Il soupira et passa son bras autour de mes épaules. Je laissai ma tête s'écrouler sur mes genoux.
- Tu vas te relever, Marcus... m'assura Dylan. Tu le fais à chaque fois, alors ça continuera à valoir.
- Mais là c'est ma mère, Dylan. C'est pas n'importe qui.
- Elle s'en sortira.
- On en sait rien.
- Ne t'en fais pas... Allez, on va faire un tour. Je vais réveiller Erika. Je te retrouve dans le hall dans dix minutes.
Je soupirai alors qu'il quittait la chambre.
.
.
Assis dans un des fauteuils du hall, dans le noir complet, je repensai encore à l'espoir qui m'avait habité depuis notre arrivée à Manchester.

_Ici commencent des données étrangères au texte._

theorem theorem2:
  fixes \<alpha> :: real
  assumes "0 \<le> \<alpha>" and "\<alpha> < 1"
  shows "(\<forall>h g. in_F \<alpha> h g \<longrightarrow>
            (\<forall>n::nat. n \<ge> 2 \<longrightarrow>
               norm (taylor_coeff h n) \<le> A_coef n \<alpha> \<and>
               norm (taylor_coeff g n) \<le> (real n - 1) / (real n - 2 * \<alpha>) * A_coef n \<alpha>))
       \<and> (\<forall>\<phi>::real.
            let hr = (\<lambda>z. exp (- \<i> * of_real \<phi>) * h_ext \<alpha> (exp (\<i> * of_real \<phi>) * z));
                gr = (\<lambda>z. exp (\<i> * of_real \<phi>) * g_ext \<alpha> (exp (\<i> * of_real \<phi>) * z))
            in in_F \<alpha> hr gr \<and>
               (\<forall>n::nat. n \<ge> 2 \<longrightarrow>
                  norm (taylor_coeff hr n) = A_coef n \<alpha> \<and>
                  norm (taylor_coeff gr n) = (real n - 1) / (real n - 2 * \<alpha>) * A_coef n \<alpha>))"
proof (intro conjI allI impI)
  fix h g and n :: nat
  assume "in_F \<alpha> h g" and "n \<ge> 2"
  then show "norm (taylor_coeff h n) \<le> A_coef n \<alpha>"
    and "norm (taylor_coeff g n) \<le> (real n - 1) / (real n - 2 * \<alpha>) * A_coef n \<alpha>"
    using in_F_norm_coeff_h_le in_F_norm_coeff_g_le \<open>\<alpha> < 1\<close> by auto
next
  fix \<phi> :: real
  show "let hr = (\<lambda>z. exp (- \<i> * of_real \<phi>) * h_ext \<alpha> (exp (\<i> * of_real \<phi>) * z));
            gr = (\<lambda>z. exp (\<i> * of_real \<phi>) * g_ext \<alpha> (exp (\<i> * of_real \<phi>) * z))
        in in_F \<alpha> hr gr \<and>
           (\<forall>n::nat. n \<ge> 2 \<longrightarrow>
              norm (taylor_coeff hr n) = A_coef n \<alpha> \<and>
              norm (taylor_coeff gr n) = (real n - 1) / (real n - 2 * \<alpha>) * A_coef n \<alpha>)"
    unfolding Let_def using rotated_extremal[OF \<open>\<alpha> < 1\<close>, where \<phi>=\<phi>] by simp
qed

end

Je pensais vraiment au fond de moi que tout allait enfin s'arranger. Et non. Il avait fallu qu'elle saute.
J'entendis des pas dans les escaliers. La lumière s'alluma. Dylan et Erika venaient d'arriver.
- Qu'est-ce que tu fabriques dans le noir ? me demanda mon coéquipier
- Je n'ai pas besoin de lumière pour réfléchir.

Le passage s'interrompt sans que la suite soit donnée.